## [Saved data entries]
--- START ---

lemma darboux_tau_periodic:
  assumes HS: "HS_torus \<Gamma> \<beta>0 f g" and \<alpha>_nz: "\<And>z. \<alpha> z \<noteq> 0" and "has_multiplier \<Gamma> \<alpha>"
    and \<alpha>': "\<And>z. (\<alpha> has_derivative
        (\<lambda>v. - qmul (qmul (qmul (qmul (qexpj (beta \<beta>0 z / 2)) (cq v)) (g z)) (T z)) (\<alpha> z))) (at z)"
  shows "periodic \<Gamma> (darboux_tau \<beta>0 g T)"
  unfolding periodic_def
proof (intro ballI allI)
  fix \<gamma> z assume "\<gamma> \<in> \<Gamma>"
  define E where "E z = qexpj (beta \<beta>0 z / 2)" for z
  obtain h where "h \<gamma> \<noteq> 0" and "\<And>z. \<alpha> (z + \<gamma>) = qmul (\<alpha> z) (cq (h \<gamma>))"
    using \<open>has_multiplier \<Gamma> \<alpha>\<close> \<open>\<gamma> \<in> \<Gamma>\<close> unfolding has_multiplier_def by blast
  then have T_shift: "T (z + \<gamma>) = T z"
    using darboux_factor_periodic[OF HS \<alpha>_nz \<alpha>'] \<open>\<gamma> \<in> \<Gamma>\<close> by (simp add: cq_def zero_prod_def)
  obtain k where "k \<in> \<int>" "\<beta>0 \<bullet> \<gamma> = k"
    using HS \<open>\<gamma> \<in> \<Gamma>\<close> by (auto simp: HS_torus_def dual_lattice_def)
  then have beta_shift: "beta \<beta>0 (z + \<gamma>) / 2 = beta \<beta>0 z / 2 + pi * k"
    by (simp add: beta_def inner_add_right algebra_simps)
  define c where "c = cos (pi * k)"
  have E_shift: "E (z + \<gamma>) = c *\<^sub>R E z" and "c\<^sup>2 = 1"
    using qexpj_add_int_pi[OF \<open>k \<in> \<int>\<close>] by (simp_all add: E_def c_def beta_shift)
  then have "c \<noteq> 0" by auto
  have "qmul (E (z + \<gamma>)) (g (z + \<gamma>)) = qmul (E z) (g z)"
    using HS_torus_derivative_periodic[OF HS \<open>\<gamma> \<in> \<Gamma>\<close>, of z 1] by (simp add: E_def cq_def)
  then have "qmul (E z) (c *\<^sub>R g (z + \<gamma>)) = qmul (E z) (g z)"
    by (simp add: E_shift qmul_scaleR_left qmul_scaleR_right)
  then have "c *\<^sub>R g (z + \<gamma>) = g z"
    unfolding E_def by (rule qmul_left_cancel[OF qexpj_nonzero])
  then have "g (z + \<gamma>) = (1 / c) *\<^sub>R g z"
    using \<open>c \<noteq> 0\<close> by (simp flip: \<open>c *\<^sub>R g (z + \<gamma>) = g z\<close>)
  then show "darboux_tau \<beta>0 g T (z + \<gamma>) = darboux_tau \<beta>0 g T z"
    using \<open>c \<noteq> 0\<close> \<open>c\<^sup>2 = 1\<close>
    by (simp add: darboux_tau_def E_def[symmetric] E_shift T_shift qinv_scaleR qmul_scaleR_left
        qmul_scaleR_right power2_eq_square)
qed

lemma ex_periodic_components_iff:
  assumes "periodic \<Gamma> \<tau>"
  shows "(\<exists>\<tau>0 \<tau>1. periodic \<Gamma> \<tau>0 \<and> periodic \<Gamma> \<tau>1 \<and> (\<forall>z. (\<tau>0 z, cnj (\<tau>1 z)) = \<tau> z)
            \<and> (\<forall>z. P (\<tau>0 z) (\<tau>1 z)))
     \<longleftrightarrow> (\<forall>z. P (fst (\<tau> z)) (cnj (snd (\<tau> z))))"
proof
  assume "\<exists>\<tau>0 \<tau>1. periodic \<Gamma> \<tau>0 \<and> periodic \<Gamma> \<tau>1 \<and> (\<forall>z. (\<tau>0 z, cnj (\<tau>1 z)) = \<tau> z)
            \<and> (\<forall>z. P (\<tau>0 z) (\<tau>1 z))"
  then show "\<forall>z. P (fst (\<tau> z)) (cnj (snd (\<tau> z)))"
    by (metis complex_cnj_cnj fst_conv snd_conv)
next
  assume "\<forall>z. P (fst (\<tau> z)) (cnj (snd (\<tau> z)))"
  with assms show "\<exists>\<tau>0 \<tau>1. periodic \<Gamma> \<tau>0 \<and> periodic \<Gamma> \<tau>1 \<and> (\<forall>z. (\<tau>0 z, cnj (\<tau>1 z)) = \<tau> z)
            \<and> (\<forall>z. P (\<tau>0 z) (\<tau>1 z))"
    by (intro exI[of _ "\<lambda>z. fst (\<tau> z)"] exI[of _ "\<lambda>z. cnj (snd (\<tau> z))"]) (simp add: periodic_def)
qed

theorem corollary3p10:
  fixes \<Gamma> :: "complex set" and \<beta>0 :: complex
    and f g \<alpha> T fhat :: "complex \<Rightarrow> quat"
  assumes HS: "HS_torus \<Gamma> \<beta>0 f g"
    and alpha_smooth: "smooth \<alpha>"
    and alpha_nz: "\<forall>z. \<alpha> z \<noteq> 0"
    and alpha_hol: "holomorphic_wrt (\<lambda>z. qmul (qexpj (beta \<beta>0 z)) qi) \<alpha>"
    and alpha_mult: "has_multiplier \<Gamma> \<alpha>"
    and T_def: "\<forall>z. (\<alpha> has_derivative
                  (\<lambda>v. - qmul (qmul (qmul (qmul (qexpj (beta \<beta>0 z / 2)) (cq v)) (g z)) (T z)) (\<alpha> z)))
                (at z)"
    and T_nz: "\<forall>z. T z \<noteq> 0"
    and fhat_def: "fhat = (\<lambda>z. f z + qinv (T z))"
    and fhat_imm: "immersion fhat"
  shows "lagrangian fhat \<longleftrightarrow>
    (\<exists>\<tau>0 \<tau>1 :: complex \<Rightarrow> complex. periodic \<Gamma> \<tau>0 \<and> periodic \<Gamma> \<tau>1 \<and>
       (\<forall>z. fhat z = f z + qmul (qmul (qexpj (beta \<beta>0 z / 2)) (cq (\<tau>0 z) + qmul qj (cq (\<tau>1 z)))) (g z)) \<and>
       (\<forall>z. Im (cnj (\<tau>0 z) * \<tau>1 z) = 0))"
proof -
  define \<tau> where "\<tau> = darboux_tau \<beta>0 g T"
  have fhat_eq_iff: "fhat z = f z + qmul (qmul (qexpj (beta \<beta>0 z / 2)) \<sigma>) (g z) \<longleftrightarrow> \<sigma> = \<tau> z"
    for z \<sigma>
    using darboux_tau_eq_iff[of g z T] HS T_nz by (auto simp: fhat_def \<tau>_def HS_torus_def)
  have lagrangian_iff: "lagrangian fhat \<longleftrightarrow> (\<forall>z. Im (cnj (fst (\<tau> z)) * cnj (snd (\<tau> z))) = 0)"
    using darboux_lagrangian_iff[OF HS alpha_smooth _ _ _ fhat_imm[unfolded fhat_def]]
      alpha_nz T_def T_nz by (simp add: fhat_def \<tau>_def)
  have "periodic \<Gamma> \<tau>"
    using darboux_tau_periodic[OF HS _ alpha_mult] alpha_nz T_def by (simp add: \<tau>_def)
  from ex_periodic_components_iff[OF this, where P = "\<lambda>a b. Im (cnj a * b) = 0"]
  show ?thesis
    unfolding cq_add_qj_cq fhat_eq_iff lagrangian_iff by simp
qed

end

--- END ---

## [Requirement]
In which lines of the records does the word "define" appear? Copy each of them.

## [Task result]
  define E where "E z = qexpj (beta \<beta>0 z / 2)" for z
  define c where "c = cos (pi * k)"
  define \<tau> where "\<tau> = darboux_tau \<beta>0 g T"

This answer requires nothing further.